いずれもユーザー企業から、柔軟性や、俊敏性が強く求められた結果、提供されはじめたプラットフォーム機能だ。デジタルビジネスの到来が本格化すればこうした機能の重要性はさらに増すことになる。
「”風が吹けば桶屋がもうかる”ではありませんが、現在はビジネスのフロントとは遠い位置にあるERPも、今後は、ビッグデータやIoT(Internet of Things)、M2Mなどの影響を、より強く受けることになるでしょう。

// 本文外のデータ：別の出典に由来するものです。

text \<open>
  The generators -iJ_x, -iJ_y, -iT^(2)_0 are traceless and anti-Hermitian, which gives one inclusion.
  Conversely, T^(2)_0 is diagonal with entries proportional to 3m^2 - J(J+1); adding a multiple of
  J_z = -i[J_x, J_y] gives an element H = -i diag(h) of the algebra whose gaps h_c - h_{c+1} between
  neighbouring levels have pairwise distinct squares. Since ad_H^2 multiplies the (r, c) entry by
  -(h_r - h_c)^2, polynomials in ad_H^2 cut the pair of entries (c, c+1), (c+1, c) out of -iJ_x, which
  yields i(E_{c,c+1} + E_{c+1,c}); one more application of ad_H yields E_{c,c+1} - E_{c+1,c}.
  Commutators of these adjacent elements produce the standard basis of su(d).
\<close>

section \<open>Matrix facts and the Lie algebra su(d)\<close>

lemma index_mult_mat_sum:
  assumes "A \<in> carrier_mat d d" "B \<in> carrier_mat d d" "r < d" "c < d"
  shows "(A * B) $$ (r, c) = (\<Sum>k<d. A $$ (r, k) * B $$ (k, c))"
  using assms by (auto simp: scalar_prod_def lessThan_atLeast0 intro!: sum.cong)

lemma diagonal_sum_commutator_eq_0:
  fixes A B :: "'a::comm_ring mat"
  assumes A: "A \<in> carrier_mat d d" and B: "B \<in> carrier_mat d d"
  shows "(\<Sum>i<d. (A * B - B * A) $$ (i, i)) = 0"
proof -
  have "(\<Sum>i<d. (A * B - B * A) $$ (i, i))
      = (\<Sum>i<d. \<Sum>k<d. A $$ (i, k) * B $$ (k, i)) - (\<Sum>i<d. \<Sum>k<d. B $$ (i, k) * A $$ (k, i))"
    using A B by (simp add: index_mult_mat_sum[symmetric] sum_subtractf)
  also have "(\<Sum>i<d. \<Sum>k<d. B $$ (i, k) * A $$ (k, i)) = (\<Sum>k<d. \<Sum>i<d. B $$ (i, k) * A $$ (k, i))"
    by (rule sum.swap)
  finally show ?thesis by (simp add: mult.commute)
qed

例えば、住宅資材を提供するメーカーを例に考えてみると、巨大な竜巻や台風により一帯の家が壊れ、近隣のDIYショップが販売する資材が売り切れたとします。そのような場合、資材メーカーは、従来のように新たに注文を受けてから製造していたのでは急激な需要の変動に間に合わず、大きな商機を逃すことにもなりかねません。デジタルビジネスでは、資材メーカーが従来の業種の枠を超え、保険会社やハウスメーカーと提携して、顧客からの保険請求や住宅や什器に備えつけられたセンサーなどで収集した実被害の状況をリアルタイムに受け取り、需要を予測したうえでほぼ自動で生産するようなシナリオが考えられます。あるいは、DIYショップが保険会社やハウスメーカーと提携し、自動発注の仕組みを入れるかもしれません。
その際に、資材メーカーやDIYショップのチェーン店の『ERPが対応できない』状況では、新たなビジネスを環境変化に応じて迅速に構築することはできません。他社からの要求に対応するまでの期間次第では、パートナーとの信頼関係も変わってくるでしょう。」(本好氏)
本好氏によると、ERP刷新のタイミングとして多いのは、ERPやハードウェアの保守切れのタイミングだという。しかし、今後は、システム対応の遅れがビジネスに直接悪影響を及ぼすことも考えられる。ERPも自社の都合だけではなく、サプライチェーンや市場全体の動向を踏まえて、検討していく必要がありそうだ。